Posted by: Mark C. Chu-Carroll | September 15, 2006 10:35 AM

5

Wouldn't "data" in this case be an assembler convenience? It doesn't seem to need to be part of the instruction set if you drop the notational conveniences that allow reduced numbers of parameters (though I would guess those are assembler conveniences too).

That is, let's say that the SUBLEQ instruction is represented by zero hex. Let's also say that the very first word in a program is by definition the first instruction. Then we know that if the 4th word is zero then it's a SUBLEQ and otherwise it's data. Storing an actual zero (or whatever number we choose to indicate the instruction) might now require some convolutions to avoid storing it as data immediately after a SUBLEQ but that doesn't seem impossible.

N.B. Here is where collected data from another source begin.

(* Let $\bar{\mathcal{G}}=(\bar{\mathcal{V}},\bar{\mathcal{E}})$ be a finite simple 2-connected graph and $\bar u\in\bar{\mathcal{V}}$, $L=|\bar{\mathcal{V}}|-1$. Then there is an enumeration $\bar v_1,\dots,\bar v_L$ of $\bar{\mathcal{V}}\setminus\{\bar u\}$ such that, writing $\bar{\mathcal{V}}_l=\{\bar v_1,\dots,\bar v_l\}$ and $\mathcal{V}_l$ for the set of edges of $\bar{\mathcal{G}}$ incident to at least one vertex of $\bar{\mathcal{V}}_l$: (i) the graph $\mathrm{LG}(\bar{\mathcal{V}}_l)$ is connected for every $l=1,\dots,L$, and (ii) $\mathcal{V}_l\setminus\mathcal{V}_{l-1}\ne\emptyset$ for every $l=2,\dots,L$.
   Context: For $\bar{\mathcal{V}}'\subseteq\bar{\mathcal{V}}$, $\mathrm{LG}(\bar{\mathcal{V}}')$ is the graph whose vertex set is the set of edges of $\bar{\mathcal{G}}$ incident to at least one vertex of $\bar{\mathcal{V}}'$, in which two distinct such edges $e,e'$ are adjacent iff they share an endpoint belonging to $\bar{\mathcal{V}}'$. (Equivalently, $\mathrm{LG}(\bar{\mathcal{V}}')$ is obtained by placing a complete graph on the set of edges incident to each $\bar v\in\bar{\mathcal{V}}'$ and gluing.) $\mathrm{LG}(\bar{\mathcal{V}})$ is the line graph of $\bar{\mathcal{G}}$. A graph is 2-connected if it is connected, has at least 3 vertices, and has no cut vertex. *)

theory Defs
  imports Main
begin

definition simple_graph :: "'a set \<Rightarrow> 'a set set \<Rightarrow> bool" where
  "simple_graph V E \<longleftrightarrow> finite V \<and>
     (\<forall>e\<in>E. \<exists>x y. x \<in> V \<and> y \<in> V \<and> x \<noteq> y \<and> e = {x, y})"

definition connected_rel :: "'b set \<Rightarrow> ('b \<Rightarrow> 'b \<Rightarrow> bool) \<Rightarrow> bool" where
  "connected_rel W R \<longleftrightarrow> W \<noteq> {} \<and>
     (\<forall>x\<in>W. \<forall>y\<in>W. (\<lambda>a b. a \<in> W \<and> b \<in> W \<and> R a b)\<^sup>*\<^sup>* x y)"

definition adj :: "'a set set \<Rightarrow> 'a \<Rightarrow> 'a \<Rightarrow> bool" where
  "adj E x y \<longleftrightarrow> {x, y} \<in> E \<and> x \<noteq> y"

definition graph_connected :: "'a set \<Rightarrow> 'a set set \<Rightarrow> bool" where
  "graph_connected V E \<longleftrightarrow> connected_rel V (adj E)"

definition two_connected :: "'a set \<Rightarrow> 'a set set \<Rightarrow> bool" where
  "two_connected V E \<longleftrightarrow> graph_connected V E \<and> card V \<ge> 3 \<and>
     (\<forall>v\<in>V. graph_connected (V - {v}) {e\<in>E. v \<notin> e})"

definition inc_edges :: "'a set set \<Rightarrow> 'a set \<Rightarrow> 'a set set" where
  "inc_edges E V' = {e\<in>E. e \<inter> V' \<noteq> {}}"

definition LG_adj :: "'a set \<Rightarrow> 'a set \<Rightarrow> 'a set \<Rightarrow> bool" where
  "LG_adj V' e e' \<longleftrightarrow> e \<noteq> e' \<and> (\<exists>v\<in>V'. v \<in> e \<and> v \<in> e')"

definition LG_connected :: "'a set set \<Rightarrow> 'a set \<Rightarrow> bool" where
  "LG_connected E V' \<longleftrightarrow> connected_rel (inc_edges E V') (LG_adj V')"

end

theory Submission
  imports Defs
begin

text \<open>The enumeration is built backwards. For a connected set \<open>W \<subseteq> V - {u}\<close> we find a
  vertex \<open>x \<in> W\<close> that has a neighbour outside \<open>W\<close> and whose removal leaves \<open>W\<close> connected;
  enumerating \<open>W - {x}\<close> recursively and appending \<open>x\<close> gives an ordering in which every
  prefix induces a connected subgraph and the last vertex of every prefix has a neighbour
  outside it. Connectivity of a prefix in the graph transfers to its line graph, and the
  outside neighbour of the new vertex yields a new incident edge.
  To find \<open>x\<close>, take any \<open>v \<in> W\<close> and a set \<open>C \<subseteq> W - {v}\<close> attached to the rest of \<open>W\<close> only
  through \<open>v\<close>. Since the graph minus \<open>v\<close> is connected and \<open>u \<notin> W\<close>, some \<open>x \<in> C\<close> has a neighbour
  outside \<open>W\<close>. If \<open>W - {x}\<close> is disconnected, the part not reachable from \<open>v\<close> is a strictly
  smaller such set attached through \<open>x\<close>, and we recurse.\<close>

definition reach_within :: "'b set \<Rightarrow> ('b \<Rightarrow> 'b \<Rightarrow> bool) \<Rightarrow> 'b \<Rightarrow> 'b \<Rightarrow> bool" where
  "reach_within W R = (\<lambda>a b. a \<in> W \<and> b \<in> W \<and> R a b)\<^sup>*\<^sup>*"

lemma connected_rel_iff_reach_within:
  "connected_rel W R \<longleftrightarrow> W \<noteq> {} \<and> (\<forall>x\<in>W. \<forall>y\<in>W. reach_within W R x y)"
  by (simp add: connected_rel_def reach_within_def)

lemma reach_within_refl [simp]: "reach_within W R a a"
  by (simp add: reach_within_def)

lemma reach_within_step:
  "reach_within W R a b \<Longrightarrow> b \<in> W \<Longrightarrow> c \<in> W \<Longrightarrow> R b c \<Longrightarrow> reach_within W R a c"
  unfolding reach_within_def by (simp add: rtranclp.rtrancl_into_rtrancl)

lemma reach_within_trans:
  "reach_within W R a b \<Longrightarrow> reach_within W R b c \<Longrightarrow> reach_within W R a c"
  unfolding reach_within_def by (rule rtranclp_trans)

lemma reach_within_sym:
  assumes "symp R" "reach_within W R a b"
  shows "reach_within W R b a"
proof -
  have "symp (\<lambda>a b. a \<in> W \<and> b \<in> W \<and> R a b)"
    using assms(1) by (auto simp: symp_def)
  then show ?thesis
    using assms(2) unfolding reach_within_def by (metis symp_rtranclp sympD)
qed

lemma reach_within_mono:
  assumes "W \<subseteq> W'" "\<And>a b. R a b \<Longrightarrow> R' a b" "reach_within W R a b"
  shows "reach_within W' R' a b"
  using assms(3) unfolding reach_within_def
  by (rule rtranclp_mono[THEN predicate2D, rotated]) (use assms(1,2) in auto)

lemma connected_rel_mono:
  assumes "connected_rel W R" "\<And>a b. R a b \<Longrightarrow> R' a b"
  shows "connected_rel W R'"
proof -
  have "reach_within W R' x y" if "reach_within W R x y" for x y
    using order_refl assms(2) that by (rule reach_within_mono)
  then show ?thesis using assms(1) unfolding connected_rel_iff_reach_within by blast
qed

lemma connected_relI_root:
  assumes "symp R" "v \<in> W" "\<forall>y\<in>W. reach_within W R v y"
  shows "connected_rel W R"
  unfolding connected_rel_iff_reach_within
  using assms by (meson empty_iff reach_within_sym reach_within_trans)

lemma connected_rel_boundary_edge:
  assumes "connected_rel V R" "C \<subseteq> V" "c \<in> C" "u \<in> V" "u \<notin> C"
  shows "\<exists>a\<in>C. \<exists>b\<in>V - C. R a b"
proof -
  have "reach_within V R c u"
    using assms unfolding connected_rel_iff_reach_within by blast
  then have "u \<in> C \<or> (\<exists>a\<in>C. \<exists>b\<in>V - C. R a b)"
    unfolding reach_within_def
    by (induction rule: rtranclp_induct) (use assms(3) in auto)
  with assms(5) show ?thesis by blast
qed

lemma reach_within_avoid_pendant:
  assumes pendant: "\<forall>a\<in>C. \<forall>b\<in>W. R a b \<longrightarrow> b \<in> C \<or> b = v"
    and "v \<notin> C" "reach_within W R v y" "y \<notin> C"
  shows "reach_within (W - C) R v y"
proof -
  have "y \<in> C \<or> reach_within (W - C) R v y"
    using assms(3) unfolding reach_within_def
  proof (induction rule: rtranclp_induct)
    case (step y z)
    show ?case
    proof (cases "y \<in> C")
      case True
      then show ?thesis using step pendant by auto
    next
      case False
      then show ?thesis
        using step by (cases "z \<in> C") (auto intro: rtranclp.rtrancl_into_rtrancl)
    qed
  qed simp
  with assms(4) show ?thesis by blast
qed

lemma symp_adj: "symp (adj E)"
  by (auto simp: symp_def adj_def insert_commute)

lemma adj_mono: "E' \<subseteq> E \<Longrightarrow> adj E' a b \<Longrightarrow> adj E a b"
  by (auto simp: adj_def)

lemma removable_vertex_with_exit:
  assumes two_conn: "\<And>v. v \<in> V \<Longrightarrow> graph_connected (V - {v}) {e\<in>E. v \<notin> e}"
    and W_sub: "W \<subseteq> V" and u: "u \<in> V" "u \<notin> W"
    and W_fin: "finite W" and W_conn: "connected_rel W (adj E)"
    and C: "v \<in> W" "C \<subseteq> W - {v}" "C \<noteq> {}"
    and pendant: "\<forall>a\<in>C. \<forall>b\<in>W. adj E a b \<longrightarrow> b \<in> C \<or> b = v"
  shows "\<exists>x\<in>C. (\<exists>w\<in>V - W. adj E x w) \<and> connected_rel (W - {x}) (adj E)"
  using C pendant
proof (induction "card C" arbitrary: v C rule: less_induct)
  case less
  obtain c where c: "c \<in> C" using less.prems(3) by blast
  have "connected_rel (V - {v}) (adj {e\<in>E. v \<notin> e})"
    using two_conn less.prems(1) W_sub unfolding graph_connected_def by blast
  then have "\<exists>a\<in>C. \<exists>b\<in>V - {v} - C. adj {e\<in>E. v \<notin> e} a b"
    by (rule connected_rel_boundary_edge) (use c less.prems(1,2) W_sub u in auto)
  then obtain x w where x: "x \<in> C" "w \<in> V - {v} - C" "adj {e\<in>E. v \<notin> e} x w"
    by blast
  have "adj E x w" using x(3) by (rule adj_mono[rotated]) blast
  with x(2) less.prems(4) x(1) have w: "w \<in> V - W" "adj E x w" by auto
  show ?case
  proof (cases "connected_rel (W - {x}) (adj E)")
    case True
    with x(1) w show ?thesis by blast
  next
    case disconnected: False
    have v: "v \<in> W - {x}" using less.prems(1,2) x(1) by blast
    define D where "D = {y \<in> W - {x}. \<not> reach_within (W - {x}) (adj E) v y}"
    have "D \<noteq> {}"
      using disconnected connected_relI_root[OF symp_adj v] unfolding D_def by blast
    have D_sub: "D \<subseteq> C - {x}"
    proof
      fix y assume y: "y \<in> D"
      have "reach_within W (adj E) v y"
        using W_conn less.prems(1) y unfolding connected_rel_iff_reach_within D_def by blast
      then have "y \<in> C \<or> reach_within (W - C) (adj E) v y"
        using reach_within_avoid_pendant[OF less.prems(4)] less.prems(2) by blast
      then have "y \<in> C \<or> reach_within (W - {x}) (adj E) v y"
        using x(1) reach_within_mono[of "W - C" "W - {x}"] by blast
      with y show "y \<in> C - {x}" unfolding D_def by blast
    qed
    have "finite C" using less.prems(2) W_fin finite_subset by blast
    then have "card D \<le> card (C - {x})" using D_sub by (intro card_mono) auto
    also have "\<dots> < card C" using \<open>finite C\<close> x(1) by (rule card_Diff1_less)
    finally have "card D < card C" .
    moreover have "x \<in> W" "D \<subseteq> W - {x}"
      using less.prems(2) x(1) unfolding D_def by auto
    moreover have "\<forall>a\<in>D. \<forall>b\<in>W. adj E a b \<longrightarrow> b \<in> D \<or> b = x"
    proof (intro ballI impI)
      fix a b assume a: "a \<in> D" and b: "b \<in> W" and "adj E a b"
      then have "adj E b a" using symp_adj by (metis sympD)
      show "b \<in> D \<or> b = x"
      proof (rule ccontr)
        assume "\<not> (b \<in> D \<or> b = x)"
        then have "reach_within (W - {x}) (adj E) v b" using b unfolding D_def by blast
        then have "reach_within (W - {x}) (adj E) v a"
          using \<open>adj E b a\<close> \<open>\<not> (b \<in> D \<or> b = x)\<close> a b unfolding D_def
          by (blast intro: reach_within_step)
        with a show False unfolding D_def by blast
      qed
    qed
    ultimately obtain y where "y \<in> D" "\<exists>w\<in>V - W. adj E y w" "connected_rel (W - {y}) (adj E)"
      using less.hyps \<open>D \<noteq> {}\<close> by blast
    with D_sub show ?thesis by blast
  qed
qed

Posted by: BMurray | September 15, 2006 1:33 PM

6

Thinking further, the data assembler instruction (distinct from the OISC!) would encapsulate whatever machinations you need to store zeroes in mod 4 == 0 positions.

Posted by: BMurray | September 15, 2006 1:35 PM

7

Mark, BMurray: You guys are both right, of course. I shouldn't have been so critical before the stimulants kicked in!

Also, Mark, I think that in this assembler, the register-always-holding-1 would be called "ONE" :), but I haven't done enough parsing of that interpreter yet to figure out how he's doing the text parsing yet (perhaps I'm being dense on this?). Anyay, if you ever get around to figuring out what he's going on about w.r.t. the eigenvalues/functions/ratios, I'd love to see an explanation of it.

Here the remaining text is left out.